BRIEF:
After locating the line with "B = S\<lparr>hV" in the data that follows, return it and every later line exactly, up to and including the line with "using assms(1) unfolding".

DATA RECORDS:

= Beginning of Section =

(* Let $d_1>d_2>1$ and $f\ge0$ be integers, let $n=d_1+d_2+f$, and let $\beta\in\mathcal S_n$ have cycle structure $d_1\cdot d_2\cdot1^f$ (one $d_1$-cycle, one $d_2$-cycle, $f$ fixed points). Then $(\varepsilon,\beta,\beta;(12))\in\mathrm{Par}(n)$ if and only if $d_1/d_2$ is an odd integer and $f=0$.
   Context: A Latin square of order $n$ is an $n\times n$ array with rows, columns and symbols indexed by $[n]$, each symbol occurring once in each row and each column, with triple set $O(L)$. Permutations act on the right; $\varepsilon$ is the identity. A paratopism $(\alpha,\beta,\gamma;(12))$ maps $L$ to $L^\sigma$ with triple set $\{(y\beta,x\alpha,z\gamma):(x,y,z)\in O(L)\}$; it is an autoparatopism of $L$ if $L^\sigma=L$. $\mathrm{Par}(n)$ is the set of paratopisms that are autoparatopisms of at least one Latin square of order $n$. *)

theory Defs
  imports "HOL-Combinatorics.Orbits" "HOL-Combinatorics.Permutations"
begin

definition latin_square :: "nat \<Rightarrow> (nat \<times> nat \<times> nat) set \<Rightarrow> bool" where
  "latin_square n L \<longleftrightarrow>
     L \<subseteq> {1..n} \<times> {1..n} \<times> {1..n} \<and>
     (\<forall>x\<in>{1..n}. \<forall>y\<in>{1..n}. \<exists>!z. (x, y, z) \<in> L) \<and>
     (\<forall>x\<in>{1..n}. \<forall>z\<in>{1..n}. \<exists>!y. (x, y, z) \<in> L) \<and>
     (\<forall>y\<in>{1..n}. \<forall>z\<in>{1..n}. \<exists>!x. (x, y, z) \<in> L)"

definition paratopism12_image ::
  "(nat \<Rightarrow> nat) \<Rightarrow> (nat \<Rightarrow> nat) \<Rightarrow> (nat \<Rightarrow> nat) \<Rightarrow> (nat \<times> nat \<times> nat) set \<Rightarrow> (nat \<times> nat \<times> nat) set" where
  "paratopism12_image \<alpha> \<beta> \<gamma> L = {(\<beta> y, \<alpha> x, \<gamma> z) | x y z. (x, y, z) \<in> L}"

definition autoparatopism12 ::
  "nat \<Rightarrow> (nat \<Rightarrow> nat) \<Rightarrow> (nat \<Rightarrow> nat) \<Rightarrow> (nat \<Rightarrow> nat) \<Rightarrow> (nat \<times> nat \<times> nat) set \<Rightarrow> bool" where
  "autoparatopism12 n \<alpha> \<beta> \<gamma> L \<longleftrightarrow>
     \<alpha> permutes {1..n} \<and> \<beta> permutes {1..n} \<and> \<gamma> permutes {1..n} \<and>
     paratopism12_image \<alpha> \<beta> \<gamma> L = L"
section \<open>Pushout complements of matches\<close>

definition match_complement :: "('a, 'b, 'l) hg \<Rightarrow> ('v, 'e, 'l) hg \<Rightarrow> ('v \<Rightarrow> 'a) \<Rightarrow> ('e \<Rightarrow> 'b) \<Rightarrow> 'v set
    \<Rightarrow> ('a, 'b, 'l) hg" where
  "match_complement S L mv me B = S\<lparr>hV := hV S - mv ` (hV L - B), hE := hE S - me ` hE L\<rparr>"

lemma match_complement_simps [simp]:
  "hV (match_complement S L mv me B) = hV S - mv ` (hV L - B)"
  "hE (match_complement S L mv me B) = hE S - me ` hE L"
  "hsrc (match_complement S L mv me B) = hsrc S"
  "htgt (match_complement S L mv me B) = htgt S"
  "hlab (match_complement S L mv me B) = hlab S"
  by (simp_all add: match_complement_def)

lemma match_complement_hg_rev:
  "match_complement (hg_rev S) (hg_rev L) mv me B = hg_rev (match_complement S L mv me B)"
  by (rule hg.equality) (simp_all add: match_complement_def)

lemma pushout_match_complement:
  assumes "mono_hom L S mv me" "inj_on fL A" "fL ` A \<subseteq> hV L"
  shows "pushout_hg (discrete A) L (match_complement S L mv me (fL ` A)) S
           fL (\<lambda>_. undefined) (mv \<circ> fL) (\<lambda>_. undefined) mv me id id"
proof -
  let ?C = "match_complement S L mv me (fL ` A)"
  have m: "hom L S mv me" "inj_on mv (hV L)" "inj_on me (hE L)"
    using assms(1) unfolding mono_hom_def by auto
  then have interface_kept: "mv (fL a) \<in> hV ?C" if "a \<in> A" for a
    using that assms(3) by (auto simp: hom_def dest: inj_onD)
  have nodes: "set_pushout A (hV L) (hV ?C) (hV S) fL (mv \<circ> fL) mv id"
  proof (rule set_pushoutI)
    show "mv ` hV L \<union> id ` hV ?C = hV S"
      using m(1) by (auto simp: hom_def)
    show "\<exists>a\<in>A. fL a = b \<and> (mv \<circ> fL) a = c" if "b \<in> hV L" "c \<in> hV ?C" "mv b = id c" for b c
      using that by auto
  qed (use m in auto)
  have edges: "set_pushout {} (hE L) (hE ?C) (hE S) (\<lambda>_. undefined) (\<lambda>_. undefined) me id"
    by (rule set_pushoutI) (use m in \<open>auto simp: hom_def\<close>)
  have "hom ?C S id id"
    by (auto simp: hom_def)
  with m(1) nodes edges interface_kept assms(3) show ?thesis
    unfolding pushout_hg_def by (auto simp: hom_discrete)
qed

lemma hyp_match_complement:
  assumes "hyp sig S"
    and "\<And>e x. e \<in> hE S - me ` hE L \<Longrightarrow> x \<in> set (hsrc S e) \<union> set (htgt S e) \<Longrightarrow> x \<notin> mv ` (hV L - B)"
  shows "hyp sig (match_complement S L mv me B)"
  using assms unfolding hyp_def by auto

section \<open>Pushouts along discrete interfaces\<close>

definition glue_class :: "'k set \<Rightarrow> ('k \<Rightarrow> 'v) \<Rightarrow> ('k \<Rightarrow> 'a) \<Rightarrow> 'v + 'a \<Rightarrow> ('v + 'a) set" where
  "glue_class A f g x = span_equiv A f g `` {x}"
(* Let $\Lambda$ be a left-artinian ring, $\mathcal{C}=\mathrm{mod}(\Lambda)$, let $\beta$ be a radical and $\alpha$ a pre-radical on $\mathcal{C}$. If $\mathcal{F}_\alpha\subseteq\mathcal{T}_\beta$, then for every $M\in\mathcal{C}$ we have $\mathrm{soc}(q_\beta(M))\in\mathcal{T}_\alpha\cap\mathcal{F}_\beta$.
   Context: $\mathcal{C}$ is the category of finitely generated left $\Lambda$-modules. A pre-radical is an additive subfunctor $\alpha$ of the identity functor; for it, $q_\alpha:=\mathrm{Id}/\alpha$, so $q_\alpha(M)=M/\alpha(M)$. A radical is a pre-radical $\beta$ with $\beta\circ q_\beta=0$. $\mathcal{F}_\alpha=\{M:\alpha(M)=0\}$, $\mathcal{T}_\alpha=\{M:\alpha(M)=M\}$. *)

theory Defs
  imports "HOL-Algebra.Module"
begin

text \<open>HOL-Algebra's module locale requires a commutative ring, so we define
left modules over an arbitrary ring directly, reusing the module record.\<close>

definition lmodule :: "('a, 'r) ring_scheme \<Rightarrow> ('a, 'm) module \<Rightarrow> bool" where
  "lmodule R M \<longleftrightarrow> ring R \<and> abelian_group M \<and>
     (\<forall>a\<in>carrier R. \<forall>x\<in>carrier M. a \<odot>\<^bsub>M\<^esub> x \<in> carrier M) \<and>
     (\<forall>a\<in>carrier R. \<forall>b\<in>carrier R. \<forall>x\<in>carrier M.
        (a \<oplus>\<^bsub>R\<^esub> b) \<odot>\<^bsub>M\<^esub> x = a \<odot>\<^bsub>M\<^esub> x \<oplus>\<^bsub>M\<^esub> b \<odot>\<^bsub>M\<^esub> x) \<and>
     (\<forall>a\<in>carrier R. \<forall>x\<in>carrier M. \<forall>y\<in>carrier M.
        a \<odot>\<^bsub>M\<^esub> (x \<oplus>\<^bsub>M\<^esub> y) = a \<odot>\<^bsub>M\<^esub> x \<oplus>\<^bsub>M\<^esub> a \<odot>\<^bsub>M\<^esub> y) \<and>
     (\<forall>a\<in>carrier R. \<forall>b\<in>carrier R. \<forall>x\<in>carrier M.
        (a \<otimes>\<^bsub>R\<^esub> b) \<odot>\<^bsub>M\<^esub> x = a \<odot>\<^bsub>M\<^esub> (b \<odot>\<^bsub>M\<^esub> x)) \<and>
     (\<forall>x\<in>carrier M. \<one>\<^bsub>R\<^esub> \<odot>\<^bsub>M\<^esub> x = x)"

text \<open>Submodules: HOL-Algebra's \<open>submodule N R M\<close> (additive subgroup closed under scalars).
 A submodule N of M, viewed as a module, is \<open>M\<lparr>carrier := N\<rparr>\<close>.\<close>

definition fg_module :: "('a, 'r) ring_scheme \<Rightarrow> ('a, 'm) module \<Rightarrow> bool" where
  "fg_module R M \<longleftrightarrow> lmodule R M \<and>
     (\<exists>A. finite A \<and> A \<subseteq> carrier M \<and>
        (\<forall>N. submodule N R M \<and> A \<subseteq> N \<longrightarrow> N = carrier M))"

definition lmod_hom :: "('a, 'r) ring_scheme \<Rightarrow> ('a, 'm) module \<Rightarrow> ('a, 'm) module \<Rightarrow> ('m \<Rightarrow> 'm) set" where
  "lmod_hom R M N = {f. f \<in> carrier M \<rightarrow> carrier N \<and>
     (\<forall>x\<in>carrier M. \<forall>y\<in>carrier M. f (x \<oplus>\<^bsub>M\<^esub> y) = f x \<oplus>\<^bsub>N\<^esub> f y) \<and>
     (\<forall>a\<in>carrier R. \<forall>x\<in>carrier M. f (a \<odot>\<^bsub>M\<^esub> x) = a \<odot>\<^bsub>N\<^esub> f x)}"

definition simple_module :: "('a, 'r) ring_scheme \<Rightarrow> ('a, 'm) module \<Rightarrow> bool" where
  "simple_module R M \<longleftrightarrow> lmodule R M \<and> carrier M \<noteq> {\<zero>\<^bsub>M\<^esub>} \<and>
     (\<forall>N. submodule N R M \<longrightarrow> N = {\<zero>\<^bsub>M\<^esub>} \<or> N = carrier M)"

definition soc :: "('a, 'r) ring_scheme \<Rightarrow> ('a, 'm) module \<Rightarrow> 'm set" where
  "soc R M = \<Inter>{N. submodule N R M \<and>
      (\<forall>S. submodule S R M \<and> simple_module R (M\<lparr>carrier := S\<rparr>) \<longrightarrow> S \<subseteq> N)}"

definition left_ideal :: "('a, 'r) ring_scheme \<Rightarrow> 'a set \<Rightarrow> bool" where
  "left_ideal R I \<longleftrightarrow> subgroup I (add_monoid R) \<and>
     (\<forall>r\<in>carrier R. \<forall>x\<in>I. r \<otimes>\<^bsub>R\<^esub> x \<in> I)"

definition left_artinian :: "('a, 'r) ring_scheme \<Rightarrow> bool" where
  "left_artinian R \<longleftrightarrow> ring R \<and>
     \<not> (\<exists>I :: nat \<Rightarrow> 'a set. (\<forall>n. left_ideal R (I n)) \<and> (\<forall>n. I (Suc n) \<subset> I n))"

text \<open>A pre-radical: a subfunctor of the identity functor on the category of finitely
 generated left R-modules (with carriers in the type 'm). Additivity is automatic for
 subfunctors of the identity (morphisms act by restriction).\<close>
definition preradical :: "('a, 'r) ring_scheme \<Rightarrow> (('a, 'm) module \<Rightarrow> 'm set) \<Rightarrow> bool" where
  "preradical R \<alpha> \<longleftrightarrow>
     (\<forall>M. fg_module R M \<longrightarrow> submodule (\<alpha> M) R M) \<and>
     (\<forall>M N f. fg_module R M \<and> fg_module R N \<and> f \<in> lmod_hom R M N \<longrightarrow> f ` \<alpha> M \<subseteq> \<alpha> N)"
lemma hess_form_scaleR:
  fixes f :: "'a::euclidean_space \<Rightarrow> real"
  shows "hess_form f x (a *\<^sub>R v) (b *\<^sub>R w) = a * b * hess_form f x v w"
  unfolding hess_form_def by (simp add: sum_distrib_left algebra_simps)

lemma divergence_flux:
  fixes u :: "'a::euclidean_space \<Rightarrow> real"
  assumes "u differentiable (at x)"
    and "\<And>k. k \<in> Basis \<Longrightarrow> (\<lambda>y. grad u y \<bullet> k) differentiable (at x)"
    and "u x \<noteq> 0"
  defines "P \<equiv> (norm (grad u x))\<^sup>2"
  defines "T \<equiv> (u x)\<^sup>2 + P"
  shows "divergence (\<lambda>y. (u y / sqrt ((u y)\<^sup>2 + (norm (grad u y))\<^sup>2)) *\<^sub>R grad u y) x
    = (u x * laplacian u x * T + P\<^sup>2 - u x * hess_form u x (grad u x) (grad u x)) / (sqrt T * T)"
proof -
  let ?p = "\<lambda>i. grad u x \<bullet> i"
  let ?C = "\<lambda>i. \<Sum>k\<in>Basis. hess u x i k * ?p k"
  have "divergence (\<lambda>y. (u y / sqrt ((u y)\<^sup>2 + (norm (grad u y))\<^sup>2)) *\<^sub>R grad u y) x
      = (\<Sum>i\<in>Basis. (u x * T * hess u x i i + T * (?p i)\<^sup>2 - (u x)\<^sup>2 * (?p i)\<^sup>2
          - u x * (?p i * ?C i))) / (sqrt T * T)"
    unfolding divergence_def sum_divide_distrib
    by (intro sum.cong refl, subst partial_flux_component[OF assms(1-3)])
      (simp_all add: P_def T_def algebra_simps power2_eq_square)
  also have "(\<Sum>i\<in>Basis. u x * T * hess u x i i + T * (?p i)\<^sup>2 - (u x)\<^sup>2 * (?p i)\<^sup>2
          - u x * (?p i * ?C i))
      = u x * T * laplacian u x + T * P - (u x)\<^sup>2 * P - u x * hess_form u x (grad u x) (grad u x)"
    by (simp add: sum.distrib sum_subtractf sum_distrib_left[symmetric] laplacian_def P_def
        power2_norm_eq_sum_Basis hess_form_grad)
  also have "\<dots> = u x * laplacian u x * T + P\<^sup>2 - u x * hess_form u x (grad u x) (grad u x)"
    unfolding T_def by (simp add: algebra_simps power2_eq_square)
  finally show ?thesis .
qed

= End of Section =

SOLUTION TO THE PROBLEM:
  "match_complement S L mv me B = S\<lparr>hV := hV S - mv ` (hV L - B), hE := hE S - me ` hE L\<rparr>"

lemma match_complement_simps [simp]:
  "hV (match_complement S L mv me B) = hV S - mv ` (hV L - B)"
  "hE (match_complement S L mv me B) = hE S - me ` hE L"
  "hsrc (match_complement S L mv me B) = hsrc S"
  "htgt (match_complement S L mv me B) = htgt S"
  "hlab (match_complement S L mv me B) = hlab S"
  by (simp_all add: match_complement_def)

lemma match_complement_hg_rev:
  "match_complement (hg_rev S) (hg_rev L) mv me B = hg_rev (match_complement S L mv me B)"
  by (rule hg.equality) (simp_all add: match_complement_def)

lemma pushout_match_complement:
  assumes "mono_hom L S mv me" "inj_on fL A" "fL ` A \<subseteq> hV L"
  shows "pushout_hg (discrete A) L (match_complement S L mv me (fL ` A)) S
           fL (\<lambda>_. undefined) (mv \<circ> fL) (\<lambda>_. undefined) mv me id id"
proof -
  let ?C = "match_complement S L mv me (fL ` A)"
  have m: "hom L S mv me" "inj_on mv (hV L)" "inj_on me (hE L)"
    using assms(1) unfolding mono_hom_def by auto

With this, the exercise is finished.